Порфирий Калистратович почувствовал себя хорошо уже к вечеру на другой день. Он тщательно приоделся, пристегнул бумажный воротничок и собрался к Сторукину. Дошел до выходных дверей меблированных комнат, и ему показалось, будто его кто-то зовет. Он остановился и вспомнил: забыл захватить с собой финский нож. Он взял его, надел на него порыжелый кожаный чехольчик и сунул в карман брюк.

Какой-то странной жизнью жил этот нож. Показалось Девочкину, что от ножа распространяется на него озноб.

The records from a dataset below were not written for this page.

definition min_norm_minimiser :: "('b::real_normed_vector \<Rightarrow> real) \<Rightarrow> 'b set \<Rightarrow> 'b \<Rightarrow> bool" where
  "min_norm_minimiser g S x \<longleftrightarrow>
     x \<in> S \<and> (\<forall>q\<in>S. g x \<le> g q) \<and>
     (\<forall>y\<in>S. (\<forall>q\<in>S. g y \<le> g q) \<longrightarrow> norm x \<le> norm y)"

end

theory Submission
  imports Defs
begin

text \<open>
  Since U is multilinear, updating a single component moves the represented tensor along
  a line, on which f is a convex quadratic; an exact line minimiser therefore lowers f by
  exactly \<open>\<parallel>\<Delta>\<parallel>\<^sub>A\<^sup>2 / (2\<parallel>b\<parallel>\<^sup>2)\<close>, where \<open>\<Delta>\<close> is the change of the tensor.
  Summing over the L micro-steps of a sweep and using
  \<open>\<parallel>x\<^sub>1 + \<dots> + x\<^sub>L\<parallel>\<^sub>A\<^sup>2 \<le> 2\<^sup>L (\<parallel>x\<^sub>1\<parallel>\<^sub>A\<^sup>2 + \<dots> + \<parallel>x\<^sub>L\<parallel>\<^sub>A\<^sup>2)\<close> gives
  \<open>\<parallel>v' - v\<parallel>\<^sub>A\<^sup>2 \<le> 2\<^sup>L\<^sup>+\<^sup>1 \<parallel>b\<parallel>\<^sup>2 (f v - f v')\<close> for consecutive iterates v, v'.
  As f is bounded below, the decreasing sequence of values \<open>f v\<^sub>k\<close> converges, so its
  decrements tend to zero.
\<close>

lemma symmetric_matrix_inner_commute:
  fixes A :: "real^'n^'n"
  assumes "transpose A = A"
  shows "(A *v x) \<bullet> y = (A *v y) \<bullet> x"
  by (metis assms dot_lmul_matrix inner_commute transpose_matrix_vector)

lemma matrix_quadratic_form_neg:
  fixes A :: "real^'n^'n"
  shows "(A *v (- x)) \<bullet> (- x) = (A *v x) \<bullet> x"
  by (simp add: linear_neg[OF matrix_vector_mul_linear])

lemma matrix_quadratic_form_add_le:
  fixes A :: "real^'n^'n"
  assumes "transpose A = A" and "\<forall>v. 0 \<le> (A *v v) \<bullet> v"
  shows "(A *v (x + y)) \<bullet> (x + y) \<le> 2 * ((A *v x) \<bullet> x) + 2 * ((A *v y) \<bullet> y)"
proof -
  have sym: "(A *v y) \<bullet> x = (A *v x) \<bullet> y"
    using symmetric_matrix_inner_commute[OF assms(1)] .
  have "(A *v (x + y)) \<bullet> (x + y) + (A *v (x - y)) \<bullet> (x - y)
      = 2 * ((A *v x) \<bullet> x) + 2 * ((A *v y) \<bullet> y)"
    unfolding matrix_vector_right_distrib matrix_vector_mult_diff_distrib
      inner_add_left inner_add_right inner_diff_left inner_diff_right sym
    by linarith
  moreover have "0 \<le> (A *v (x - y)) \<bullet> (x - y)"
    using assms(2) by blast
  ultimately show ?thesis by linarith
qed

lemma matrix_quadratic_form_sum_le:
  fixes A :: "real^'n^'n"
  assumes "transpose A = A" and "\<forall>v. 0 \<le> (A *v v) \<bullet> v"
  shows "(A *v (\<Sum>j<n. w j)) \<bullet> (\<Sum>j<n. w j) \<le> 2 ^ n * (\<Sum>j<n. (A *v w j) \<bullet> w j)"
proof (induction n)
  case 0
  then show ?case by simp
next
  case (Suc n)
  let ?Q = "\<lambda>v. (A *v v) \<bullet> v"
  have "?Q (\<Sum>j<Suc n. w j) = ?Q (w n + (\<Sum>j<n. w j))"
    by (simp add: add.commute)
  also have "\<dots> \<le> 2 * ?Q (w n) + 2 * ?Q (\<Sum>j<n. w j)"
    by (rule matrix_quadratic_form_add_le[OF assms])
  also have "\<dots> \<le> 2 ^ Suc n * ?Q (w n) + 2 * (2 ^ n * (\<Sum>j<n. ?Q (w j)))"
  proof -
    have "(2::real) \<le> 2 ^ Suc n"
      using one_le_power[of "2::real" n] by simp
    then have "2 * ?Q (w n) \<le> 2 ^ Suc n * ?Q (w n)"
      using assms(2) by (simp add: mult_right_mono)
    then show ?thesis using Suc.IH by linarith
  qed
  also have "\<dots> = 2 ^ Suc n * (\<Sum>j<Suc n. ?Q (w j))"
    by (simp add: algebra_simps)
  finally show ?case .
qed

lemma fobj_add_scaleR:
  fixes A :: "real^'n^'n"
  assumes "transpose A = A"
  shows "fobj A b (X + t *\<^sub>R D) = fobj A b X
     + t * ((A *v X) \<bullet> D - b \<bullet> D) / (norm b)^2
     + t^2 * ((A *v D) \<bullet> D) / (2 * (norm b)^2)"
proof -
  have sym: "(A *v D) \<bullet> X = (A *v X) \<bullet> D"
    using symmetric_matrix_inner_commute[OF assms] .
  have "(A *v (X + t *\<^sub>R D)) \<bullet> (X + t *\<^sub>R D)
      = (A *v X) \<bullet> X + 2 * t * ((A *v X) \<bullet> D) + t^2 * ((A *v D) \<bullet> D)"
    by (simp add: algebra_simps matrix_vector_mult_scaleR inner_add_left inner_add_right
        sym power2_eq_square)
  moreover have "b \<bullet> (X + t *\<^sub>R D) = b \<bullet> X + t * (b \<bullet> D)"
    by (simp add: inner_add_right)
  ultimately show ?thesis
    unfolding fobj_def by (cases "norm b = 0") (simp_all add: field_simps power2_eq_square)
qed

lemma fobj_bounded_below:
  fixes A :: "real^'n^'n"
  assumes "transpose A = A" and "\<forall>v. v \<noteq> 0 \<longrightarrow> 0 < (A *v v) \<bullet> v"
  obtains B where "\<And>v. B \<le> fobj A b v"
proof -
  have "inj ((*v) A)"
    using assms(2) by (force simp: linear_injective_0[OF matrix_vector_mul_linear])
  then have "surj ((*v) A)"
    using linear_injective_imp_surjective matrix_vector_mul_linear by blast
  then obtain u where u: "A *v u = b"
    by (metis surjD)
  have "fobj A b u \<le> fobj A b v" for v
  proof -
    have "0 \<le> (A *v (v - u)) \<bullet> (v - u)"
      using assms(2) by (cases "v - u = 0") (auto intro: less_imp_le)
    then show ?thesis
      using fobj_add_scaleR[OF assms(1), of b u 1 "v - u"] u by simp
  qed
  then show thesis by (rule that)
qed

lemma linear_plus_nonneg_quadratic_nonneg_imp_zero:
  fixes a c :: real
  assumes "0 \<le> c" and "\<forall>t. 0 \<le> a * t + c * t^2"
  shows "a = 0"
proof (rule ccontr)
  assume "a \<noteq> 0"
  define t where "t = - a / (c + 1)"
  have "a + c * t = a / (c + 1)"
    using assms(1) by (simp add: t_def field_simps)
  have "a * t + c * t^2 = t * (a + c * t)"
    by (simp add: algebra_simps power2_eq_square)
  also have "\<dots> = t * (a / (c + 1))"
    using \<open>a + c * t = a / (c + 1)\<close> by simp
  also have "\<dots> = - (a * a) / ((c + 1) * (c + 1))"
    by (simp add: t_def)
  also have "\<dots> < 0"
  proof -
    have "0 < a * a"
      using \<open>a \<noteq> 0\<close> not_real_square_gt_zero by blast
    moreover have "0 < (c + 1) * (c + 1)"
      using assms(1) by simp
    ultimately show ?thesis
      using divide_pos_pos by simp
  qed
  finally show False using assms(2) by (meson not_le)
qed

lemma fobj_line_minimiser_gap:
  fixes A :: "real^'n^'n"
  assumes "transpose A = A" and "0 \<le> (A *v D) \<bullet> D"
    and "\<forall>t. fobj A b X \<le> fobj A b (X + t *\<^sub>R D)"
  shows "fobj A b (X + D) = fobj A b X + ((A *v D) \<bullet> D) / (2 * (norm b)^2)"
proof -
  let ?a = "((A *v X) \<bullet> D - b \<bullet> D) / (norm b)^2"
  let ?c = "((A *v D) \<bullet> D) / (2 * (norm b)^2)"
  have "\<forall>t. 0 \<le> ?a * t + ?c * t^2"
    using assms(3) fobj_add_scaleR[OF assms(1), of b X] by (simp add: algebra_simps)
  then have "?a = 0"
    using assms(2) linear_plus_nonneg_quadratic_nonneg_imp_zero[of ?c ?a] by simp
  then show ?thesis
    using fobj_add_scaleR[OF assms(1), of b X 1 D] by simp
qed

lemma multilinear_on_cong:
  assumes "multilinear_on L P U" and "\<forall>\<nu>\<in>{1..L}. q \<nu> = q' \<nu>"
  shows "U q = U q'"
  using assms unfolding multilinear_on_def by blast

lemma multilinear_on_update:
  assumes "multilinear_on L P U" and "\<mu> \<in> {1..L}" and "in_params L P q"
    and "x \<in> P \<mu>" and "y \<in> P \<mu>"
  shows "U (q(\<mu> := s *\<^sub>R x + t *\<^sub>R y)) = s *\<^sub>R U (q(\<mu> := x)) + t *\<^sub>R U (q(\<mu> := y))"
  using assms unfolding multilinear_on_def by blast

lemma fobj_coordinate_minimiser_gap:
  fixes A :: "real^'n^'n" and U :: "(nat \<Rightarrow> 'b::real_vector) \<Rightarrow> real^'n"
  assumes A: "transpose A = A" "\<forall>v. 0 \<le> (A *v v) \<bullet> v"
    and U: "subspace (P \<mu>)" "multilinear_on L P U" "\<mu> \<in> {1..L}" "in_params L P q"
    and xy: "x \<in> P \<mu>" "y \<in> P \<mu>"
    and min: "\<forall>z\<in>P \<mu>. fobj A b (U (q(\<mu> := x))) \<le> fobj A b (U (q(\<mu> := z)))"
  shows "fobj A b (U (q(\<mu> := y))) = fobj A b (U (q(\<mu> := x)))
     + ((A *v (U (q(\<mu> := y)) - U (q(\<mu> := x)))) \<bullet> (U (q(\<mu> := y)) - U (q(\<mu> := x))))
       / (2 * (norm b)^2)"
proof -
  define X where "X = U (q(\<mu> := x))"
  define Y where "Y = U (q(\<mu> := y))"
  have "\<forall>t. fobj A b X \<le> fobj A b (X + t *\<^sub>R (Y - X))"
  proof
    fix t :: real
    have "U (q(\<mu> := (1 - t) *\<^sub>R x + t *\<^sub>R y)) = X + t *\<^sub>R (Y - X)"
      using multilinear_on_update[OF U(2-4) xy, of "1 - t" t]
      by (simp add: X_def Y_def algebra_simps)
    moreover have "(1 - t) *\<^sub>R x + t *\<^sub>R y \<in> P \<mu>"
      using U(1) xy by (simp add: subspace_add subspace_scale)
    ultimately show "fobj A b X \<le> fobj A b (X + t *\<^sub>R (Y - X))"
      using min unfolding X_def by metis
  qed
  from fobj_line_minimiser_gap[OF A(1) _ this] A(2) show ?thesis
    unfolding X_def Y_def by simp
qed

definition als_partial :: "(nat \<Rightarrow> 'b) \<Rightarrow> (nat \<Rightarrow> 'b) \<Rightarrow> nat \<Rightarrow> nat \<Rightarrow> 'b" where
  "als_partial pnew pold j = (\<lambda>\<nu>. if \<nu> \<le> j then pnew \<nu> else pold \<nu>)"

lemma als_arg_eq_als_partial_update:
  "als_arg pnew pold (Suc j) q = (als_partial pnew pold j)(Suc j := q)"
  by (auto simp: als_arg_def als_partial_def fun_eq_iff)

lemma als_partial_update_new:
  "(als_partial pnew pold j)(Suc j := pnew (Suc j)) = als_partial pnew pold (Suc j)"
  by (auto simp: als_partial_def fun_eq_iff)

В сумраке на углу Гороховой и Садовой он увидел молодое лицо с дугообразными бровями и детскими глазами корсетницы Фени. Со старшей сестрой она жила в его «меблирашках». Она улыбнулась ему.

— Дайте двугривенный! — сказала она.

— Нет, Феня, не богат.

— А когда вы будете богаты?

— Вдруг разбогатею, — сказал он.

— Но неужели же нет двугривенного?

— Принцип.

— Какой принцип? — со смехом спросила Феня.

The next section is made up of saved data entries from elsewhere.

(* Assume CH. Then for every sequence $\bar p=\langle p_\delta:\delta<\omega_1\rangle$ of partitions $p_\delta:[\omega_1]^2\to\omega$ the following all hold: $\aleph_1\nrightarrow_{\bar p}[\aleph_1]^2_{\aleph_1}$; $\aleph_1\nrightarrow_{\bar p}[\aleph_1\circledast\aleph_1]^2_{\aleph_1}$; $\aleph_1\nrightarrow_{\bar p}[\aleph_0\circledast\aleph_1/1\circledast\aleph_1]^2_{\aleph_1}$; $\Pr_1(\aleph_1,\aleph_1,\aleph_1,\aleph_0)_{\bar p}$; $\Pr_0(\aleph_1,\aleph_1,\aleph_1,\aleph_0)_{\bar p}$.
   Context: For $f:[\kappa]^2\to\lambda$ and $p:[\kappa]^2\to\theta$, $X\subseteq[\kappa]^2$ is $(f,p)$-strong if for every $\zeta:\theta\to\lambda$ there is $\{\alpha,\beta\}\in X$ with $f(\alpha,\beta)=\zeta(p(\alpha,\beta))$. $A\circledast B=\{\{\alpha,\beta\}:\alpha<\beta,\ \alpha\in A,\ \beta\in B\}$. For a partition $p$: $\kappa\nrightarrow_p[\mu]^2_\lambda$ means there is $f:[\kappa]^2\to\lambda$ with $[A]^2$ $(f,p)$-strong for all $A\in[\kappa]^\mu$; $\kappa\nrightarrow_p[\mu_1\circledast\mu_2]^2_\lambda$ means there is $f$ with $A\circledast B$ $(f,p)$-strong for all $A\in[\kappa]^{\mu_1},B\in[\kappa]^{\mu_2}$; $\aleph_1\nrightarrow_p[\aleph_0\circledast\aleph_1/1\circledast\aleph_1]^2_\lambda$ means there is $f:[\omega_1]^2\to\lambda$ such that for every countably infinite $A\subseteq\omega_1$ and uncountable $B\subseteq\omega_1$ there is $\alpha\in A$ with $\{\alpha\}\circledast B$ $(f,p)$-strong. $\Pr_1(\kappa,\mu,\lambda,\chi)_p$: there is $f$ such that for every $\xi<\chi$, every family $\mathcal A\subseteq[\kappa]^{<\xi}$ of $\mu$ pairwise disjoint nonempty sets and every $\zeta\in\lambda^\theta$ there are $a,b\in\mathcal A$, $\max a<\min b$, with $f(\alpha,\beta)=\zeta(p(\alpha,\beta))$ for all $\alpha\in a,\beta\in b$. $\Pr_0(\kappa,\mu,\lambda,\chi)_p$: there is $f$ such that for every $\xi<\chi$, every pairwise disjoint $\mathcal A\subseteq[\kappa]^\xi$ with $|\mathcal A|=\mu$ and every matrix $\langle\zeta_{i,j}:i,j<\xi\rangle$ of elements of $\lambda^\theta$ there are $a,b\in\mathcal A$ with $\max a<\min b$ and $f(a(i),b(j))=\zeta_{i,j}(p(a(i),b(j)))$ for all $i,j<\xi$ ($a(i)$ the $i$-th element of $a$ in increasing order). With a sequence $\bar p=\langle p_\delta\rangle$: a single $f$ witnesses the symbol for every $p_\delta$. *)

theory Defs
  imports Complex_Main "HOL-Library.Countable_Set"
begin
(* Let $\gamma=(\gamma_1,\dots,\gamma_b)$ be a parallel map on $V=V_1\oplus\cdots\oplus V_b$, $V_i\cong(\mathbb F_2)^m$, with $0\gamma=0$. Suppose every $\gamma_i$ is differentially $2^r$-uniform with $r<m-1$ and strongly $r$-anti-invariant. If $\gamma$ maps $\mathcal{LA}_U(W_1|W_2)$ onto a non-trivial partition $\mathcal L(W)$, then $W_1$, $W_2$, $W$ are walls and $W_1=W_2=W$; in particular $\mathcal{LA}_U(W_1|W_2)$ is linear.
   Context: Let $m,b>1$, $n=mb$, $V=(\mathbb F_2)^n=V_1\oplus\cdots\oplus V_b$, $V_i\cong(\mathbb F_2)^m$. Permutations act on the right. A parallel map is $\gamma\in\mathrm{Sym}(V)$ with $(v_1\oplus\cdots\oplus v_b)\gamma=v_1\gamma_1\oplus\cdots\oplus v_b\gamma_b$, $\gamma_i\in\mathrm{Sym}(V_i)$. A wall is $\bigoplus_{i\in I}V_i$ with $\emptyset\ne I\subsetneq\{1,\dots,b\}$. $f:(\mathbb F_2)^m\to(\mathbb F_2)^m$ is differentially $\delta$-uniform if $\delta=\max_{a\ne0,b}|\{x:f(x+a)+f(x)=b\}|$; for $f(0)=0$ and $1\le r<m$, $f$ is strongly $r$-anti-invariant if for all subspaces $U',W'$ with $f(U')=W'$, either $\dim U'=\dim W'<m-r$ or $U'=W'=(\mathbb F_2)^m$. A permutation maps $\mathcal A$ onto $\mathcal B$ if it sends the blocks of $\mathcal A$ exactly onto those of $\mathcal B$; trivial partitions are the singleton partition and $\{V\}$. $\mathcal L(W)=\{W+v:v\in V\}$. For a subspace $U$ of dimension $n-1$ and subspaces $W_1,W_2\subseteq U$, $\mathcal{LA}_U(W_1|W_2)=\{W_1+v:v\in U\}\cup\{(W_2+\bar v)+v:v\in U\}$ for any $\bar v\in V\setminus U$. *)

theory Defs
  imports Main
begin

И быстро рассталась с кавалером, который отказал в двугривенном.

— Ты хорошо поступил, — сказал ему нож, — ты очень хорошо поступил, ты должен закалить себя, быть твердым, как я. Но ты напрасно проболтался о богатстве, еще неизвестно. Не надо поддаваться чарам мечтаний.

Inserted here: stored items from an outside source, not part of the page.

lemma L2F_sq_le_ray_average:
  fixes F :: "'a::euclidean_space \<Rightarrow> real" and f :: "real \<Rightarrow> 'a \<Rightarrow> 'a \<Rightarrow> real"
    and E :: "real \<times> 'a \<times> 'a \<Rightarrow> real" and W :: "'a \<Rightarrow> 'a"
  assumes [measurable]: "F \<in> borel_measurable borel" "W \<in> borel_measurable borel"
    and E_measurable[measurable]: "E \<in> borel_measurable (borel \<Otimes>\<^sub>M borel \<Otimes>\<^sub>M borel)"
    and E_nonneg: "\<And>p. 0 \<le> E p" and F_nonneg: "\<And>v. 0 \<le> F v"
    and f_le: "\<And>t x v. 0 < t \<Longrightarrow> ennreal ((f t x v)^2)
      \<le> (\<integral>\<^sup>+z. ennreal (indicator {0..} z * (exp (- b * z) * E (t, x, z *\<^sub>R W v))) \<partial>lborel)"
  shows "L2F_sq F f \<le> (\<integral>\<^sup>+v. ennreal (F v) * (\<integral>\<^sup>+z. ennreal (indicator {0..} z * exp (- b * z)) *
      (\<integral>\<^sup>+x. \<integral>\<^sup>+t. indicator {0<..} t * ennreal (E (t, x, z *\<^sub>R W v)) \<partial>lborel \<partial>lborel) \<partial>lborel) \<partial>lborel)"
proof -
  define G where "G t x v z = ennreal (indicator {0..} z * exp (- b * z)) *
      (indicator {0<..} t * ennreal (E (t, x, z *\<^sub>R W v)))" for t x v z
  have "indicator {0<..} t * ennreal (F v * (f t x v)^2) \<le> ennreal (F v) * (\<integral>\<^sup>+z. G t x v z \<partial>lborel)"
    for t x v
  proof (cases "0 < t")
    case True
    have "(\<integral>\<^sup>+z. G t x v z \<partial>lborel)
        = (\<integral>\<^sup>+z. ennreal (indicator {0..} z * (exp (- b * z) * E (t, x, z *\<^sub>R W v))) \<partial>lborel)"
      using True E_nonneg by (intro nn_integral_cong) (simp add: G_def ennreal_mult[symmetric] mult_ac)
    then show ?thesis
      using True f_le[OF True] F_nonneg by (simp add: ennreal_mult mult_left_mono)
  qed simp
  then have "L2F_sq F f \<le> (\<integral>\<^sup>+p. ennreal (F (snd (snd p))) *
      (\<integral>\<^sup>+z. G (fst p) (fst (snd p)) (snd (snd p)) z \<partial>lborel) \<partial>lborel)"
    unfolding L2F_sq_def by (intro nn_integral_mono) auto
  also have "\<dots> = (\<integral>\<^sup>+v. \<integral>\<^sup>+x. \<integral>\<^sup>+t. ennreal (F v) * (\<integral>\<^sup>+z. G t x v z \<partial>lborel) \<partial>lborel \<partial>lborel \<partial>lborel)"
  proof -
    have "(\<lambda>p. ennreal (F (snd (snd p))) * (\<integral>\<^sup>+z. G (fst p) (fst (snd p)) (snd (snd p)) z \<partial>lborel))
        \<in> borel_measurable (borel \<Otimes>\<^sub>M borel \<Otimes>\<^sub>M borel)"
      unfolding G_def by measurable
    from nn_integral_lborel_triple_iterated[OF this] show ?thesis by simp
  qed
  also have "\<dots> = (\<integral>\<^sup>+v. ennreal (F v) * (\<integral>\<^sup>+x. \<integral>\<^sup>+t. \<integral>\<^sup>+z. G t x v z \<partial>lborel \<partial>lborel \<partial>lborel) \<partial>lborel)"
  proof (intro nn_integral_cong)
    fix v :: 'a
    have "(\<integral>\<^sup>+x. \<integral>\<^sup>+t. ennreal (F v) * (\<integral>\<^sup>+z. G t x v z \<partial>lborel) \<partial>lborel \<partial>lborel)
        = (\<integral>\<^sup>+x. ennreal (F v) * (\<integral>\<^sup>+t. \<integral>\<^sup>+z. G t x v z \<partial>lborel \<partial>lborel) \<partial>lborel)"
      by (intro nn_integral_cong nn_integral_cmult) (unfold G_def, measurable)
    also have "\<dots> = ennreal (F v) * (\<integral>\<^sup>+x. \<integral>\<^sup>+t. \<integral>\<^sup>+z. G t x v z \<partial>lborel \<partial>lborel \<partial>lborel)"
      by (intro nn_integral_cmult) (unfold G_def, measurable)
    finally show "(\<integral>\<^sup>+x. \<integral>\<^sup>+t. ennreal (F v) * (\<integral>\<^sup>+z. G t x v z \<partial>lborel) \<partial>lborel \<partial>lborel)
        = ennreal (F v) * (\<integral>\<^sup>+x. \<integral>\<^sup>+t. \<integral>\<^sup>+z. G t x v z \<partial>lborel \<partial>lborel \<partial>lborel)" .
  qed
  also have "\<dots> = (\<integral>\<^sup>+v. ennreal (F v) * (\<integral>\<^sup>+z. ennreal (indicator {0..} z * exp (- b * z)) *
      (\<integral>\<^sup>+x. \<integral>\<^sup>+t. indicator {0<..} t * ennreal (E (t, x, z *\<^sub>R W v)) \<partial>lborel \<partial>lborel) \<partial>lborel) \<partial>lborel)"
    unfolding G_def nn_integral_exp_weighted_swap[OF E_measurable] ..
  finally show ?thesis .
qed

Девочкин опустил в карман руку и ладонью согрел нож.

— Мой единственный друг!

— Сегодня я особенно остер, — сказал нож.

— Потому, что я тебя наточил.

— Хорошо, что ты обнимаешь меня, — продолжал нож. — От меня ты наборешься бодрости и ненависти.

— Я прощаюсь с тобой.

— Ты оставишь меня там? — спросил нож.

— Так лучше будет, ты разом — нож и пробка!

— Но Феня была у тебя и нацарапала на костяной ручке твои инициалы.

Девочкин вздрогнул:

— Я вспомнил, надо стереть!

— Сотри.

— И отложить?

— Если откладывал десять лет, почему не отложить еще на день?

— Умный финский нож.

Робко и угодливо билось сердце Девочкина, когда он позвонил у заветной квартиры; и, спросив, кто, звякнул цепью и впустил его к себе Александр Гаврилович.

VII

— Уже здоров, Порфиша?

— Молитвами вашими.

Сухие губы Сторукина сложились в кривую улыбку.

— Садись, побалуемся чайком. Не помнишь, в котором году умер Рембрандт?

— В 1665[23].

— А на подписи 1688, — задумчиво сказал старик. — Видно, реставратор поправил. Кабы не год, вылитый Рембрандт, и цена ему сто тысяч.

— Изволили освежить?

— Маненько. Краски — как фаянс, ничто не берет.

— Дорого изволили дать? — взглянув на картину, похожую на печную заслонку, спросил Девочкин.

— Руп с четвертаком.

Вздох вырвался из груди Сторукина, и он почти уронил картину на пол.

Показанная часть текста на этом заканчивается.